▸ **DATASET ENTRIES**:
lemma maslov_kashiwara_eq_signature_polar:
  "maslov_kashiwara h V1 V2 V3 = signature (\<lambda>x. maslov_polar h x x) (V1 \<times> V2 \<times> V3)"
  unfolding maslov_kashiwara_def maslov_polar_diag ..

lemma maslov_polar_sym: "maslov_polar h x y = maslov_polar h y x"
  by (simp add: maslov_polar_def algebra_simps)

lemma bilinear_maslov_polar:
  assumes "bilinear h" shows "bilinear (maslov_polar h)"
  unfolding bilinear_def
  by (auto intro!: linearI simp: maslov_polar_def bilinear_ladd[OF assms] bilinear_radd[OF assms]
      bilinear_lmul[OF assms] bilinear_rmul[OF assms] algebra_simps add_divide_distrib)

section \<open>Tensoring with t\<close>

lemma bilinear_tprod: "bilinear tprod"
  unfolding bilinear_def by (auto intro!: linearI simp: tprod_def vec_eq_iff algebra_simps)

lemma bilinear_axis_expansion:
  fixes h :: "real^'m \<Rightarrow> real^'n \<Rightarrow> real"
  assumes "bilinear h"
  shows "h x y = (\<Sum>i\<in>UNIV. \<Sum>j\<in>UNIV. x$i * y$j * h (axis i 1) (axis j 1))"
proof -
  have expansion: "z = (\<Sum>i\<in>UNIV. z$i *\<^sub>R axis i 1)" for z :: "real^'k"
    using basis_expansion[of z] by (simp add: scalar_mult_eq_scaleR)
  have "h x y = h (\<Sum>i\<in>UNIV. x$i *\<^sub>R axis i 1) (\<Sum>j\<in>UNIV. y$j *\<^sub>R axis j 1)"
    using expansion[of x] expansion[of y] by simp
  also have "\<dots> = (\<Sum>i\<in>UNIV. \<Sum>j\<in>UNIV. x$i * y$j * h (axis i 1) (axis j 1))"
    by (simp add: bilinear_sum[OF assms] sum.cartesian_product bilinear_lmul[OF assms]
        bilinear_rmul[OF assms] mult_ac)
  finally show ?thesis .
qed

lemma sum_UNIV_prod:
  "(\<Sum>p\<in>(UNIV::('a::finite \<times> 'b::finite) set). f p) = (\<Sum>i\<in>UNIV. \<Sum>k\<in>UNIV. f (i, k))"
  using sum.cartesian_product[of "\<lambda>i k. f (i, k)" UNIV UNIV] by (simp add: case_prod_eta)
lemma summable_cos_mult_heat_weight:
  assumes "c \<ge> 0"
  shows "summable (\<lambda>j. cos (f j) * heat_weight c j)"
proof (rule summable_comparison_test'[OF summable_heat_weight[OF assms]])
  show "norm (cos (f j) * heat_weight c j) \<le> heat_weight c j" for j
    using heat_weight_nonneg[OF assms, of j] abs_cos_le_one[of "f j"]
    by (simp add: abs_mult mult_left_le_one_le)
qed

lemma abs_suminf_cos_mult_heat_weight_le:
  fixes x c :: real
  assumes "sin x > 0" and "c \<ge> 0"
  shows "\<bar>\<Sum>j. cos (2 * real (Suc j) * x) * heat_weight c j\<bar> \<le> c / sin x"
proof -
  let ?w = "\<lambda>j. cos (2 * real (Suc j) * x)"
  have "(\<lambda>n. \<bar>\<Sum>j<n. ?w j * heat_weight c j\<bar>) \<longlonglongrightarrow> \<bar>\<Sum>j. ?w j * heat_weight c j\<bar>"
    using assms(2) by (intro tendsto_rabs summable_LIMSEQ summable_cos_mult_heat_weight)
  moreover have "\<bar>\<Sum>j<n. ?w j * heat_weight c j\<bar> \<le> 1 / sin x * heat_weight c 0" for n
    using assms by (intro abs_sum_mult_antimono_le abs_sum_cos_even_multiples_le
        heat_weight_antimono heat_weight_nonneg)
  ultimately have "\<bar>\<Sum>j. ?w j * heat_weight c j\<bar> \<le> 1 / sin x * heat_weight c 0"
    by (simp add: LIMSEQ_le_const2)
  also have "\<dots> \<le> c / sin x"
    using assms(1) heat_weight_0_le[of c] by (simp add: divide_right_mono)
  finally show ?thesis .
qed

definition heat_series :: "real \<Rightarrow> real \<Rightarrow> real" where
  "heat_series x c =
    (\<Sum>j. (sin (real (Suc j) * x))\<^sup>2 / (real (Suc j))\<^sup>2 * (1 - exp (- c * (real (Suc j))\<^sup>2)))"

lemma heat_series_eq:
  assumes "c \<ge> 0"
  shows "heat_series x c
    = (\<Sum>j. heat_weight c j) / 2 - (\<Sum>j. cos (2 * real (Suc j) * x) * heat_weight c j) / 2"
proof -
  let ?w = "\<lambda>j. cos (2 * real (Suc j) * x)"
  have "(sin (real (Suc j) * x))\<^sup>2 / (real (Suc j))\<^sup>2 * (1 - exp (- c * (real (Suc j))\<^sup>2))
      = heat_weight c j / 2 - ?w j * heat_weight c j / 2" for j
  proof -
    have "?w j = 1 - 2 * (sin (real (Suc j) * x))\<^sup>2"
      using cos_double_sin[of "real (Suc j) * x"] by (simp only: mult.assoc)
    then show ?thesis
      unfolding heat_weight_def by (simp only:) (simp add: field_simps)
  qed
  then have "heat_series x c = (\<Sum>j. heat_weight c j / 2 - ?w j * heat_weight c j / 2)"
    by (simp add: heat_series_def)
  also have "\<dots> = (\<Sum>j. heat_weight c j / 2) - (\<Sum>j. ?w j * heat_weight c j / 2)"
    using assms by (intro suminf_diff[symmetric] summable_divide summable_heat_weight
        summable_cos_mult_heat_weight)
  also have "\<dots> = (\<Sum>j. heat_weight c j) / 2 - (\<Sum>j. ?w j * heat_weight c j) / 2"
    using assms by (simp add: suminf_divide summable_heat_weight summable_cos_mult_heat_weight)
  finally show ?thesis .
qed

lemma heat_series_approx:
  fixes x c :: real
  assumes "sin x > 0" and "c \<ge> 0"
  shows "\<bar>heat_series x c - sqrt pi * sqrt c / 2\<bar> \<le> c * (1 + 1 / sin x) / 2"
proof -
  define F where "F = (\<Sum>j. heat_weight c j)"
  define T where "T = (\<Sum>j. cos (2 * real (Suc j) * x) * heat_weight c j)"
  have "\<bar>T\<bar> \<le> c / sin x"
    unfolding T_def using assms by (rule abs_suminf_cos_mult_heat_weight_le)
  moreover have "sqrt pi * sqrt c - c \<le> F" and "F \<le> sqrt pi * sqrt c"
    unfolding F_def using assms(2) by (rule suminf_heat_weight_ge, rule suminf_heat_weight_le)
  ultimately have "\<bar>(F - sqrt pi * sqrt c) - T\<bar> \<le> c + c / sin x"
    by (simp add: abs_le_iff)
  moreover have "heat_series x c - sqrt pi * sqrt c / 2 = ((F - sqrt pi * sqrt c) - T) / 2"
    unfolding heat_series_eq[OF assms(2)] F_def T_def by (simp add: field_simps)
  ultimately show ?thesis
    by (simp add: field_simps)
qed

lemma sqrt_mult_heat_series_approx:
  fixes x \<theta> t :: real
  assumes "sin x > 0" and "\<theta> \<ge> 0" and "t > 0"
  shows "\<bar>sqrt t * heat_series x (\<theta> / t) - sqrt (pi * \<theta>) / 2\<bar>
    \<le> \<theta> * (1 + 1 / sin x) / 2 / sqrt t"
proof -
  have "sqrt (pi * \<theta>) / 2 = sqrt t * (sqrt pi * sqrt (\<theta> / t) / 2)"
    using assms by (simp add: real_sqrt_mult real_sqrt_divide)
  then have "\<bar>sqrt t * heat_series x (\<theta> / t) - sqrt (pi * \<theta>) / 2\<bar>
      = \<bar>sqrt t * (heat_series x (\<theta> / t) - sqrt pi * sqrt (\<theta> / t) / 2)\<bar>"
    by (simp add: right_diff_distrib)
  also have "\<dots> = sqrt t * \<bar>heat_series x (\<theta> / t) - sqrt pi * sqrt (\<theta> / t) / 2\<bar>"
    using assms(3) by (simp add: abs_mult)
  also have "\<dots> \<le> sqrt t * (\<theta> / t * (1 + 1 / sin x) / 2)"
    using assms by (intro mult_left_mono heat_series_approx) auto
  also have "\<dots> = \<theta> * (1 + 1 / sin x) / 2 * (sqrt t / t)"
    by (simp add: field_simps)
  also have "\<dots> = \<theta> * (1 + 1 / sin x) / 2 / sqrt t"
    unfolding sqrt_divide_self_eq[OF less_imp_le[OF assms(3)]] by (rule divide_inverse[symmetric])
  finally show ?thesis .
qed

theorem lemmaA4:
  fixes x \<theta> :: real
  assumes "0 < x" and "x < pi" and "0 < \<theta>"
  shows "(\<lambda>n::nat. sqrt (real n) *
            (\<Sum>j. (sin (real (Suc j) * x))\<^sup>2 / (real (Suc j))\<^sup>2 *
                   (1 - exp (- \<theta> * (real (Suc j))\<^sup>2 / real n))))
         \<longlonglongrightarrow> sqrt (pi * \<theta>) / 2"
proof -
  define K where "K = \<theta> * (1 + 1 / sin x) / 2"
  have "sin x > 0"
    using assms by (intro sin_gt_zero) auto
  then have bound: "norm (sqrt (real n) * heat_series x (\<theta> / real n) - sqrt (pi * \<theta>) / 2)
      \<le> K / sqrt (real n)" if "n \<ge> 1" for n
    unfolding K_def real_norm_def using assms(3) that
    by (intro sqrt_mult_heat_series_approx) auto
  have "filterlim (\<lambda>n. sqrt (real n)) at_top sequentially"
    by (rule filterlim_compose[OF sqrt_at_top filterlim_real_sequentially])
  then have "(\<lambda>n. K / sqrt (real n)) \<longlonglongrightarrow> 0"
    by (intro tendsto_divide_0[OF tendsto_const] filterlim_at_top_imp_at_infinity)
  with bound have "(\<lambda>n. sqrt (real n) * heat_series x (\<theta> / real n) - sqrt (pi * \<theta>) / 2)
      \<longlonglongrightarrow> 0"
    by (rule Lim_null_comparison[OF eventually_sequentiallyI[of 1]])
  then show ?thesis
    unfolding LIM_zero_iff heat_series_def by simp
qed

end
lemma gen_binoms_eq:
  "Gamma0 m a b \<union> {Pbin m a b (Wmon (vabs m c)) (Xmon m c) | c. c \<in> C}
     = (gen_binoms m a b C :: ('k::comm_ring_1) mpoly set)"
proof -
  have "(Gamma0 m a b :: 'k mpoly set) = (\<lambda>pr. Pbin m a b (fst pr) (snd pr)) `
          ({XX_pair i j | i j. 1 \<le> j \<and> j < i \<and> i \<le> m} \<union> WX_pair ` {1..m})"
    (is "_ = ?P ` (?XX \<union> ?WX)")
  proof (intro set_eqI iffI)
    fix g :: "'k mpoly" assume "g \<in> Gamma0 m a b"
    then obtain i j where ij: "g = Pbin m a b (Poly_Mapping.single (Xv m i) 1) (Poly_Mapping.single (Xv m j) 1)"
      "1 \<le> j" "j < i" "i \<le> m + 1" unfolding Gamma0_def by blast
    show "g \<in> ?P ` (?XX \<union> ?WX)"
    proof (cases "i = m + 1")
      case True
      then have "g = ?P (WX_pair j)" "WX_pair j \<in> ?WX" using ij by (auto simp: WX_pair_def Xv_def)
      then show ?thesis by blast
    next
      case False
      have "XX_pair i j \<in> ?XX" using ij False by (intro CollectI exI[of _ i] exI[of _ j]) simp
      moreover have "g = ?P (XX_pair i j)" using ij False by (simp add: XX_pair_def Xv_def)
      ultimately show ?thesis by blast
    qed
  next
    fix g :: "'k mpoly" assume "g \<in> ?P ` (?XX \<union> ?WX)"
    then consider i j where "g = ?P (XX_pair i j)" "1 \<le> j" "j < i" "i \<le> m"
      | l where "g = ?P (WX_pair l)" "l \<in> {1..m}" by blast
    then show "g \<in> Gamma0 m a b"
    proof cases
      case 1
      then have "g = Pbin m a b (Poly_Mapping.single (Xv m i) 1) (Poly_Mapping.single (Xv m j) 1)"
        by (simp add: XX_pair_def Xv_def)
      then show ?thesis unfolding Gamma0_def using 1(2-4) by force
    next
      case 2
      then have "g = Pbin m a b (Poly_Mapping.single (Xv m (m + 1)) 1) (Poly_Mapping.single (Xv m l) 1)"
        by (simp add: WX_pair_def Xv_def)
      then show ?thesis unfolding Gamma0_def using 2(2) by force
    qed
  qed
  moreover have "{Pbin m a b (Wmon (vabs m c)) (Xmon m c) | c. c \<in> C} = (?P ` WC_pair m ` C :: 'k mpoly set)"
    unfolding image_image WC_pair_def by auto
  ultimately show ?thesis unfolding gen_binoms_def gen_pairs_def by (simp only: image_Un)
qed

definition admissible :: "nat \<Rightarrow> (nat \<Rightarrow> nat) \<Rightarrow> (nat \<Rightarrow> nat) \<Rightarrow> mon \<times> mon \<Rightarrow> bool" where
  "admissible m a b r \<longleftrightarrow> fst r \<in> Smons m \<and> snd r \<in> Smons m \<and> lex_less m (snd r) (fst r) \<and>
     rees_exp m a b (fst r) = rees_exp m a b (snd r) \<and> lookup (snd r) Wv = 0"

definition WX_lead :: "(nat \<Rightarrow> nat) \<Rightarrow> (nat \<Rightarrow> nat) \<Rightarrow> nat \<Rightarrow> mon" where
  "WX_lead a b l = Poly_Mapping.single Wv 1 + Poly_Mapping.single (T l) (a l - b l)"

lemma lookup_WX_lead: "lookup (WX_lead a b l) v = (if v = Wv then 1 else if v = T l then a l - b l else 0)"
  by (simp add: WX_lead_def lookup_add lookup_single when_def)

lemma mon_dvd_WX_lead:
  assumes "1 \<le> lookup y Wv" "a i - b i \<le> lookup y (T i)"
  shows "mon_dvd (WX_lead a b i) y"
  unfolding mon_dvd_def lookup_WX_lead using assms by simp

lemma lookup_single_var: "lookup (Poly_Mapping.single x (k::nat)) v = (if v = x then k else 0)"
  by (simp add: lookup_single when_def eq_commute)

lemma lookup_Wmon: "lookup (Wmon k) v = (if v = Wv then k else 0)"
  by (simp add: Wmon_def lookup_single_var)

▸ **ACTIVITY**: Retype word for word everything in the listing above from the line that holds "2 * (sin (real" down to the line that holds "by (simp add: heat_series_def)". Keep both end lines and leave out the rest.

▸ **SOLUTION**:
    have "?w j = 1 - 2 * (sin (real (Suc j) * x))\<^sup>2"
      using cos_double_sin[of "real (Suc j) * x"] by (simp only: mult.assoc)
    then show ?thesis
      unfolding heat_weight_def by (simp only:) (simp add: field_simps)
  qed
  then have "heat_series x c = (\<Sum>j. heat_weight c j / 2 - ?w j * heat_weight c j / 2)"
    by (simp add: heat_series_def)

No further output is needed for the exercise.